The final improvement can be made by realizing that since your target is half the sum of the full set, then one of the subsets must be equal to or less than this target, so we can skip computing and checking sums over this value.  This two line change cuts the execution time in half:

t = time.time()
##### method 3
best = sum(buckets)
target = best/2
bests = ()
P = {}
P[-1] = {0:()}
for i in xrange(len(buckets)):
    x = buckets[i]
    P[i] = {}
    for j in P[i-1].keys():
        P[i][j] = P[i-1][j]
        if j+x > target:
            continue
        P[i][j+x] = P[i-1][j] + (x,)

        if abs((j+x)-target)<abs(best-target):
            best = j+x
            bests = P[i][j+x]

suba = sorted(bests)
subb = sorted(set(buckets)-set(suba))
suma = sum(suba)
sumb = sum(subb)
print 'meth3: {0}s'.format(time.time()-t)
print 'suma: {0}\nsumb: {1}'.format(suma,sumb)
print ' diff: {0}, min ele: {1}'.format(abs(suma-sumb),min(buckets))

Ok, I know I said the final improvement, but I thought to myself, ‘what if I check if the target is reached early, then bail out’. This requires a little refactoring of the code into a function so that I can use return to break out of it early:

t = time.time()
##### method 3
best = sum(buckets)
bests = ()
def m3():
    global best, bests
    target = best/2
    P = {}
    P[-1] = {0:()}
    for i in xrange(len(buckets)):
        x = buckets[i]
        P[i] = {}
        for j in P[i-1].keys():
            P[i][j] = P[i-1][j]
            if j+x > target:
                continue
            P[i][j+x] = P[i-1][j] + (x,)

            if abs((j+x)-target)<abs(best-target):
                best = j+x
                bests = P[i][j+x]
                if best == target:
                    return

m3()

suba = sorted(bests)
subb = sorted(set(buckets)-set(suba))
suma = sum(suba)
sumb = sum(subb)
print 'meth3: {0}s'.format(time.time()-t)
print 'suma: {0}\nsumb: {1}'.format(suma,sumb)
print ' diff: {0}, min ele: {1}'.format(abs(suma-sumb),min(buckets))

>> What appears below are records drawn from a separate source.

lemma conv_check_delta_one:
  fixes G (structure)
  assumes "group G" "x \<in> carrier G"
  shows "conv G u (check_fun G (delta_one G)) x = u x"
proof -
  interpret group G by fact
  have kernel: "u y * check_fun G (delta_one G) (inv y \<otimes> x) = (if y = x then u x else 0)"
    if "y \<in> carrier G" for y
    using that assms(2) by (auto simp: check_fun_def delta_one_def inv_mult_group inv_solve_left')
  have "((\<lambda>y. u y * check_fun G (delta_one G) (inv y \<otimes> x)) has_sum u x) (carrier G)
      \<longleftrightarrow> ((\<lambda>y. if y = x then u x else 0) has_sum u x) (carrier G)"
    by (rule has_sum_cong) (erule kernel)
  also have "\<dots>"
    using assms(2) by (intro has_sum_finite_neutralI[of "{x}"]) auto
  finally have "(\<Sum>\<^sub>\<infinity>y\<in>carrier G. u y * check_fun G (delta_one G) (inv y \<otimes> x)) = u x"
    by (rule infsumI)
  with assms(2) show ?thesis
    by (simp add: conv_def)
qed

lemma Ap_norm_le_single_term:
  assumes f: "in_lp G p f" and g: "in_lp G (conj_exp p) g"
    and u: "\<And>x. x \<in> carrier G \<Longrightarrow> conv G g (check_fun G f) x = u x" "u \<in> vanishing_off (carrier G)"
  shows "u \<in> Ap_space G p" "Ap_norm G p u \<le> lp_norm G p f * lp_norm G (conj_exp p) g"
proof -
  let ?f = "\<lambda>i::nat. if i = 0 then f else (\<lambda>_. 0)" and ?g = "\<lambda>i::nat. if i = 0 then g else (\<lambda>_. 0)"
  let ?N = "lp_norm G p f * lp_norm G (conj_exp p) g"
  have "lp_norm G p (?f i) * lp_norm G (conj_exp p) (?g i) = (if i = 0 then ?N else 0)" for i
    by simp
  then have norms: "(\<lambda>i. lp_norm G p (?f i) * lp_norm G (conj_exp p) (?g i)) sums ?N"
    using sums_single[of 0 "\<lambda>_. ?N"] by simp
  have conv: "(\<lambda>i. conv G (?g i) (check_fun G (?f i)) x) sums u x" if "x \<in> carrier G" for x
  proof -
    have "conv G (?g i) (check_fun G (?f i)) x = (if i = 0 then u x else 0)" for i
      using that u(1)[OF that] by (simp add: conv_def)
    then show ?thesis
      using sums_single[of 0 "\<lambda>_. u x"] by simp
  qed
  have "in_lp G p (?f i) \<and> in_lp G (conj_exp p) (?g i)" for i
    using f g by simp
  with norms[THEN sums_summable] conv u(2) have rep: "Ap_rep G p u ?f ?g"
    unfolding Ap_rep_def vanishing_off_def by blast
  then show "u \<in> Ap_space G p"
    unfolding Ap_space_def by (intro CollectI exI)
  have "?N \<in> {(\<Sum>i. lp_norm G p (f i) * lp_norm G (conj_exp p) (g i)) | f g. Ap_rep G p u f g}"
    using sums_unique[OF norms] rep by (intro CollectI exI conjI)
  moreover have "bdd_below {(\<Sum>i. lp_norm G p (f i) * lp_norm G (conj_exp p) (g i)) | f g. Ap_rep G p u f g}"
    by (rule bdd_belowI[of _ 0])
      (auto simp: Ap_rep_def intro!: suminf_nonneg mult_nonneg_nonneg lp_norm_nonneg)
  ultimately show "Ap_norm G p u \<le> ?N"
    unfolding Ap_norm_def by (rule cInf_lower)
qed

lemma Ap_norm_le_lq_norm:
  assumes "group G" "1 < p" and u: "in_lp G (conj_exp p) u"
  shows "u \<in> Ap_space G p" "Ap_norm G p u \<le> lp_norm G (conj_exp p) u"
proof -
  have "u \<in> vanishing_off (carrier G)"
    using u by (simp add: in_lp_def vanishing_off_def)
  note single_term = Ap_norm_le_single_term[OF in_lp_delta_one[OF assms(1)] u
      conv_check_delta_one[OF assms(1)] this]
  show "u \<in> Ap_space G p"
    using single_term(1) \<open>1 < p\<close> by simp
  show "Ap_norm G p u \<le> lp_norm G (conj_exp p) u"
    using single_term(2) lp_norm_delta_one[OF assms(1)] \<open>1 < p\<close> by simp
qed

lemma l1_space_finite:
  assumes "finite (carrier G)"
  shows "l1_space G = vanishing_off (carrier G)"
  using assms by (auto simp: l1_space_def in_lp_iff_vanishing_off_finite)

lemma Ap_space_finite:
  assumes "group G" "1 < p" "finite (carrier G)"
  shows "Ap_space G p = vanishing_off (carrier G)"
  using assms(3) Ap_norm_le_lq_norm(1)[OF assms(1,2)]
  by (auto simp: Ap_space_def Ap_rep_def vanishing_off_def in_lp_iff_vanishing_off_finite)
lemma beta_pos: "\<beta> > 0" using c1 by (simp add: \<beta>_def)
lemma beta_le: "\<beta> \<le> 1"
proof -
  have "exp (-8*c) \<le> 1" using c1 by simp
  then have "exp (-8*c) \<le> 4*c" using c1 by linarith
  then show ?thesis using c1 unfolding \<beta>_def by (simp add: pos_divide_le_eq)
qed

lemma p_times_n_le: "p * real n \<le> c" and p_ge: "p \<ge> 1 / (c * real n)"
proof -
  have Upos: "real U > 0" using U3 by simp
  have "real n \<le> c * real U" using Ulo c1 by (simp add: field_simps)
  then show "p * real n \<le> c" using Upos by (simp add: field_simps)
  show "p \<ge> 1 / (c * real n)" using Uhi Upos c1 n3 by (simp add: field_simps)
qed

lemma pow_bound: assumes "t \<le> m * n" shows "(1-p)^t \<ge> exp (-2 * real m * c)"
proof -
  have "exp (-2 * real m * c) \<le> exp (-2 * p * real t)"
  proof -
    have "p * real t \<le> p * (real m * real n)" using assms p_range by (intro mult_left_mono) (auto simp: of_nat_mult[symmetric] simp del: of_nat_mult)
    also have "\<dots> = real m * (p * real n)" by simp
    also have "\<dots> \<le> real m * c" using p_times_n_le by (intro mult_left_mono) auto
    finally show ?thesis by simp
  qed
  also have "\<dots> = exp (-2 * p) ^ t" by (simp add: exp_of_nat_mult[symmetric] mult_ac)
  also have "\<dots> \<le> (1-p)^t" using p_range p_le_third by (intro power_mono exp_le_one_minus) auto
  finally show ?thesis .
qed

lemma stage_bound:
  assumes "t \<le> 4 * n" "real t \<le> real q ^ 2"
  shows "p * (1-p)^t * (1/2 - real t / (4 * real q ^ 2)) \<ge> \<beta> / real n"
proof -
  have q0: "real q > 0" using q_facts by simp
  have a: "1/2 - real t / (4 * real q ^ 2) \<ge> 1/4" using assms(2) q0 by (simp add: field_simps)
  have b: "(1-p)^t \<ge> exp (-8*c)" using pow_bound[of t 4] assms(1) by simp
  have "\<beta> / real n = (1 / (c * real n)) * exp (-8*c) * (1/4)" unfolding \<beta>_def using n3 c1 by (simp add: field_simps)
  also have "\<dots> \<le> p * (1-p)^t * (1/2 - real t / (4 * real q ^ 2))"
    using p_ge b a c1 n3 p_range by (intro mult_mono) (auto intro: mult_nonneg_nonneg)
  finally show ?thesis .
qed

As it happens, after running several tests, it seems that the function reaches the target early quite often, and this change cuts the runtime, on average, down to 1/3 of what it was.

Thats all I’ve done with it so far.  It can probably be improved further, but for a just-for-fun little exercise with Python, it’s pretty interesting (to me at least).